**Activity:** Transcribe all of the listing below in full.

**Excerpted data:**

(* Let $G$ be a simple graph. (1) If $\mathcal{B}$ is a strongly disjoint set of bouquets of $G$ of type $(i,j)$, then $\mathcal{E}(\mathcal{B})$ is a self disjoint set in $G$ of type $(i,i+j)$. Conversely, if $\mathcal{S}$ is a self disjoint set in $G$ of type $(i,i+j)$, then $\mathcal{S}=\mathcal{E}(\mathcal{B})$ for some strongly disjoint set of bouquets $\mathcal{B}$ of $G$ of type $(i,j)$. (2) Every self semi-disjoint set in $G$ is a self disjoint set. (3) $d_{1,G}=d_{2,G}=d_G$ and $d'_{1,G}=d'_{2,G}=d'_G$.
   Context: A simple graph $G$ is a simple hypergraph all of whose edges have two elements. A bouquet of $G$ is a subgraph with vertex set $\{x,y_1,\dots,y_t\}$, $t\ge1$, and edges $\{x,y_\ell\}$ ($\ell=1,\dots,t$) of $G$; $x$ is the root, the $y_\ell$ are the flowers and the edges $\{x,y_\ell\}$ the stems. A set $\mathcal{B}=\{B_1,\dots,B_j\}$ of bouquets of $G$ is strongly disjoint if the $B_k$ are pairwise vertex-disjoint and one can choose a stem from each $B_k$ so that these stems form an induced matching of $G$; it has type $(i,j)$ if the total number of flowers is $i$ (and $j$ is the number of bouquets). $\mathcal{E}(\mathcal{B})$ denotes the set of all edges of the bouquets in $\mathcal{B}$. $d_G$ (resp. $d'_G$) is the maximum $i$ (resp. maximum $j$) over strongly disjoint sets of bouquets of $G$ of type $(i,j)$. For a family $\mathcal{S}=\{S_1,\dots,S_i\}$ of distinct edges, its type is $(i,j)$ with $j=|\bigcup_\ell S_\ell|$. $\mathcal{S}$ is a semi-induced matching if no edge outside $\mathcal{S}$ is contained in $\bigcup_\ell S_\ell$, an induced matching if moreover its edges are pairwise disjoint. $\mathcal{S}$ is a self disjoint set (resp. self semi-disjoint set) if (i) for all $k$, $S_k\nsubseteq\bigcup_{\ell\neq k}S_\ell$, and (ii) there is an induced matching (resp. semi-induced matching) $\mathcal{S}_0\subseteq\mathcal{S}$ such that for each $S_\ell\in\mathcal{S}\setminus\mathcal{S}_0$ there is $S'\in\mathcal{S}_0$ with $|S_\ell\setminus S'|=1$. $d_{1,G}$ (resp. $d_{2,G}$) is the maximum size of a self disjoint (resp. self semi-disjoint) set, and $d'_{1,G}$ (resp. $d'_{2,G}$) is the maximum of $j-i$ over self disjoint (resp. self semi-disjoint) sets of type $(i,j)$. *)

theory Defs
  imports Main
begin

definition simple_graph :: "'a set \<Rightarrow> 'a set set \<Rightarrow> bool" where
  "simple_graph V E \<longleftrightarrow> finite V \<and> (\<forall>e\<in>E. e \<subseteq> V \<and> card e = 2)"

definition semi_induced_matching :: "'a set set \<Rightarrow> 'a set set \<Rightarrow> bool" where
  "semi_induced_matching E S \<longleftrightarrow> S \<subseteq> E \<and> (\<forall>e\<in>E. e \<subseteq> \<Union>S \<longrightarrow> e \<in> S)"

definition induced_matching :: "'a set set \<Rightarrow> 'a set set \<Rightarrow> bool" where
  "induced_matching E S \<longleftrightarrow> semi_induced_matching E S \<and>
     (\<forall>e\<in>S. \<forall>f\<in>S. e \<noteq> f \<longrightarrow> e \<inter> f = {})"

text \<open>A bouquet is represented by its set of stems (a nonempty set of edges sharing a
  common vertex, the root); its vertex set is the union of the stems, its flowers
  number is the number of stems.\<close>
definition bouquet :: "'a set set \<Rightarrow> 'a set set \<Rightarrow> bool" where
  "bouquet E B \<longleftrightarrow> B \<noteq> {} \<and> B \<subseteq> E \<and> (\<exists>x. \<forall>e\<in>B. x \<in> e)"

**Solution for this task:**
(* Let $G$ be a simple graph. (1) If $\mathcal{B}$ is a strongly disjoint set of bouquets of $G$ of type $(i,j)$, then $\mathcal{E}(\mathcal{B})$ is a self disjoint set in $G$ of type $(i,i+j)$. Conversely, if $\mathcal{S}$ is a self disjoint set in $G$ of type $(i,i+j)$, then $\mathcal{S}=\mathcal{E}(\mathcal{B})$ for some strongly disjoint set of bouquets $\mathcal{B}$ of $G$ of type $(i,j)$. (2) Every self semi-disjoint set in $G$ is a self disjoint set. (3) $d_{1,G}=d_{2,G}=d_G$ and $d'_{1,G}=d'_{2,G}=d'_G$.
   Context: A simple graph $G$ is a simple hypergraph all of whose edges have two elements. A bouquet of $G$ is a subgraph with vertex set $\{x,y_1,\dots,y_t\}$, $t\ge1$, and edges $\{x,y_\ell\}$ ($\ell=1,\dots,t$) of $G$; $x$ is the root, the $y_\ell$ are the flowers and the edges $\{x,y_\ell\}$ the stems. A set $\mathcal{B}=\{B_1,\dots,B_j\}$ of bouquets of $G$ is strongly disjoint if the $B_k$ are pairwise vertex-disjoint and one can choose a stem from each $B_k$ so that these stems form an induced matching of $G$; it has type $(i,j)$ if the total number of flowers is $i$ (and $j$ is the number of bouquets). $\mathcal{E}(\mathcal{B})$ denotes the set of all edges of the bouquets in $\mathcal{B}$. $d_G$ (resp. $d'_G$) is the maximum $i$ (resp. maximum $j$) over strongly disjoint sets of bouquets of $G$ of type $(i,j)$. For a family $\mathcal{S}=\{S_1,\dots,S_i\}$ of distinct edges, its type is $(i,j)$ with $j=|\bigcup_\ell S_\ell|$. $\mathcal{S}$ is a semi-induced matching if no edge outside $\mathcal{S}$ is contained in $\bigcup_\ell S_\ell$, an induced matching if moreover its edges are pairwise disjoint. $\mathcal{S}$ is a self disjoint set (resp. self semi-disjoint set) if (i) for all $k$, $S_k\nsubseteq\bigcup_{\ell\neq k}S_\ell$, and (ii) there is an induced matching (resp. semi-induced matching) $\mathcal{S}_0\subseteq\mathcal{S}$ such that for each $S_\ell\in\mathcal{S}\setminus\mathcal{S}_0$ there is $S'\in\mathcal{S}_0$ with $|S_\ell\setminus S'|=1$. $d_{1,G}$ (resp. $d_{2,G}$) is the maximum size of a self disjoint (resp. self semi-disjoint) set, and $d'_{1,G}$ (resp. $d'_{2,G}$) is the maximum of $j-i$ over self disjoint (resp. self semi-disjoint) sets of type $(i,j)$. *)

theory Defs
  imports Main
begin

definition simple_graph :: "'a set \<Rightarrow> 'a set set \<Rightarrow> bool" where
  "simple_graph V E \<longleftrightarrow> finite V \<and> (\<forall>e\<in>E. e \<subseteq> V \<and> card e = 2)"

definition semi_induced_matching :: "'a set set \<Rightarrow> 'a set set \<Rightarrow> bool" where
  "semi_induced_matching E S \<longleftrightarrow> S \<subseteq> E \<and> (\<forall>e\<in>E. e \<subseteq> \<Union>S \<longrightarrow> e \<in> S)"

definition induced_matching :: "'a set set \<Rightarrow> 'a set set \<Rightarrow> bool" where
  "induced_matching E S \<longleftrightarrow> semi_induced_matching E S \<and>
     (\<forall>e\<in>S. \<forall>f\<in>S. e \<noteq> f \<longrightarrow> e \<inter> f = {})"

text \<open>A bouquet is represented by its set of stems (a nonempty set of edges sharing a
  common vertex, the root); its vertex set is the union of the stems, its flowers
  number is the number of stems.\<close>
definition bouquet :: "'a set set \<Rightarrow> 'a set set \<Rightarrow> bool" where
  "bouquet E B \<longleftrightarrow> B \<noteq> {} \<and> B \<subseteq> E \<and> (\<exists>x. \<forall>e\<in>B. x \<in> e)"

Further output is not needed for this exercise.